What this task involves. Would you copy out only the lines from the one with "by (subst nn_integral_has_integral_lebesgue)" to the end of the records, exactly as they stand?

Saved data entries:
Start of Block
(* Let $\lambda>0$, $\gamma>2$, $c>0$ and $\rho>0$ be fixed, and let $W_e>0$. Define $$g(r)=r^{-\gamma-2}\Big(\gamma^2+\frac{4W_e}{c^2}r^2\Big),\qquad Z(s)=\int_0^\infty\big[1-e^{-s g(r)}\big]r\,dr,\qquad \mathrm{CRB}_{\mathrm{LB}}=\frac{4}{\rho}\int_0^\infty e^{-2\pi\lambda Z(s)}\,ds,$$ and $$\mathrm{CRB}_{\mathrm{LB,W}}=\frac{c^2(\pi\lambda)^{-\gamma/2}}{\rho W_e}\,\Gamma^{-\gamma/2}\Big(1-\frac{2}{\gamma}\Big)\,\Gamma\Big(1+\frac{\gamma}{2}\Big).$$ Then $$\Big(1-\frac{\pi\lambda c^2\gamma}{2W_e}\Big)\mathrm{CRB}_{\mathrm{LB,W}}<\mathrm{CRB}_{\mathrm{LB}}<\mathrm{CRB}_{\mathrm{LB,W}}.$$ Hence $\mathrm{CRB}_{\mathrm{LB}}/\mathrm{CRB}_{\mathrm{LB,W}}\to 1$ as $W_e\to\infty$, with convergence rate $O(1/W_e)$.
   Context: Here $\lambda$ is the sensor density of a homogeneous Poisson point process of sensors, $\gamma$ is the path-loss exponent, $c$ is the speed of light, $\rho$ is a signal-to-noise ratio constant, and $W_e$ is the effective bandwidth of the transmitted signal. $\Gamma$ denotes the Gamma function, and $\Gamma^{-\gamma/2}(z)$ means $\Gamma(z)^{-\gamma/2}$. *)

theory Defs
  imports "HOL-Analysis.Analysis" "HOL-Library.Landau_Symbols"
begin

definition gfun :: "real \<Rightarrow> real \<Rightarrow> real \<Rightarrow> real \<Rightarrow> real" where
  "gfun \<gamma> c We r = r powr (-\<gamma> - 2) * (\<gamma>^2 + 4 * We / c^2 * r^2)"

definition Zfun :: "real \<Rightarrow> real \<Rightarrow> real \<Rightarrow> real \<Rightarrow> real" where
  "Zfun \<gamma> c We s = (\<integral>r\<in>{0<..}. (1 - exp (- s * gfun \<gamma> c We r)) * r \<partial>lborel)"

definition CRB_LB :: "real \<Rightarrow> real \<Rightarrow> real \<Rightarrow> real \<Rightarrow> real \<Rightarrow> real" where
  "CRB_LB lam \<gamma> c \<rho> We =
     4 / \<rho> * (\<integral>s\<in>{0<..}. exp (- 2 * pi * lam * Zfun \<gamma> c We s) \<partial>lborel)"

definition CRB_LBW :: "real \<Rightarrow> real \<Rightarrow> real \<Rightarrow> real \<Rightarrow> real \<Rightarrow> real" where
  "CRB_LBW lam \<gamma> c \<rho> We =
     c^2 * (pi * lam) powr (- \<gamma> / 2) / (\<rho> * We)
     * Gamma (1 - 2 / \<gamma>) powr (- \<gamma> / 2) * Gamma (1 + \<gamma> / 2)"

end

theory Submission
  imports Defs "HOL-Real_Asymp.Real_Asymp"
begin

text \<open>
  Put a = 4 W_e / c^2. Then s g(r) = x + y with x = s a r^(-\<gamma>) and y = s \<gamma>^2 r^(-\<gamma>-2).
  The term x alone gives Z_W(s) = (s a)^(2/\<gamma>) \<Gamma>(1 - 2/\<gamma>) / 2 in closed form (Tonelli),
  and then 4/\<rho> \<integral> exp(-2\<pi>\<lambda> Z_W(s)) ds is a Gamma integral equal to CRB_LB,W.
  The term y raises Z by a positive amount of at most \<gamma>/a, since
  1 - e^-(x+y) \<le> 1 - e^-x + e^-x y and e^-x y r is \<gamma>/a times a Frechet density in r.
  Hence e^-\<delta> CRB_LB,W \<le> CRB_LB < CRB_LB,W with \<delta> = 2\<pi>\<lambda>\<gamma>/a = \<pi>\<lambda>c^2\<gamma>/(2 W_e),
  and 1 - \<delta> < e^-\<delta>.
\<close>

lemma le_powr_inverse_iff:
  fixes x y q :: real
  assumes "0 \<le> x" "0 \<le> y" "0 < q"
  shows "x \<le> y powr (1/q) \<longleftrightarrow> x powr q \<le> y"
proof -
  have "x \<le> y powr (1/q) \<longleftrightarrow> x powr q \<le> (y powr (1/q)) powr q"
    using assms by (meson not_le powr_less_mono2 powr_mono2 less_imp_le powr_ge_zero)
  also have "(y powr (1/q)) powr q = y"
    using assms by (simp add: powr_powr)
  finally show ?thesis .
qed

lemma powr_neg_superlevel_eq_Ioc:
  fixes b \<gamma> t :: real
  assumes "b > 0" "\<gamma> > 0" "t > 0"
  shows "{r. 0 < r \<and> t \<le> b * r powr -\<gamma>} = {0<..(b/t) powr (1/\<gamma>)}"
  using assms le_powr_inverse_iff[of _ "b/t" \<gamma>] by (auto simp: powr_minus field_simps)

lemma powr_sublevel_eq_Ioc:
  fixes K q t :: real
  assumes "K > 0" "q > 0" "t > 0"
  shows "{s. 0 < s \<and> K * s powr q \<le> t} = {0<..(t/K) powr (1/q)}"
  using assms le_powr_inverse_iff[of _ "t/K" q] by (auto simp: field_simps)

lemma nn_integral_Ioc_exp_neg:
  fixes x :: real
  assumes "x \<ge> 0"
  shows "(\<integral>\<^sup>+t. ennreal (indicator {0<..x} t * exp (-t)) \<partial>lborel) = ennreal (1 - exp (-x))"
proof -
  have "((\<lambda>t. exp (-t)) has_integral (- exp (-x) - (- exp (-0)))) {0..x}"
    by (rule fundamental_theorem_of_calculus[OF assms])
       (auto intro!: derivative_eq_intros simp: has_real_derivative_iff_has_vector_derivative[symmetric])
  then have "(\<integral>\<^sup>+t. ennreal (indicator {0..x} t * exp (-t)) \<partial>lborel) = ennreal (1 - exp (-x))"
    by (subst nn_integral_has_integral_lebesgue) auto
  moreover have "(\<integral>\<^sup>+t. ennreal (indicator {0<..x} t * exp (-t)) \<partial>lborel)
      = (\<integral>\<^sup>+t. ennreal (indicator {0..x} t * exp (-t)) \<partial>lborel)"
    by (intro nn_integral_cong_AE eventually_mono[OF AE_lborel_singleton[of 0]])
       (auto simp: indicator_def)
  ultimately show ?thesis by simp
qed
End of Block
Task answer.
    by (subst nn_integral_has_integral_lebesgue) auto
  moreover have "(\<integral>\<^sup>+t. ennreal (indicator {0<..x} t * exp (-t)) \<partial>lborel)
      = (\<integral>\<^sup>+t. ennreal (indicator {0..x} t * exp (-t)) \<partial>lborel)"
    by (intro nn_integral_cong_AE eventually_mono[OF AE_lborel_singleton[of 0]])
       (auto simp: indicator_def)
  ultimately show ?thesis by simp
qed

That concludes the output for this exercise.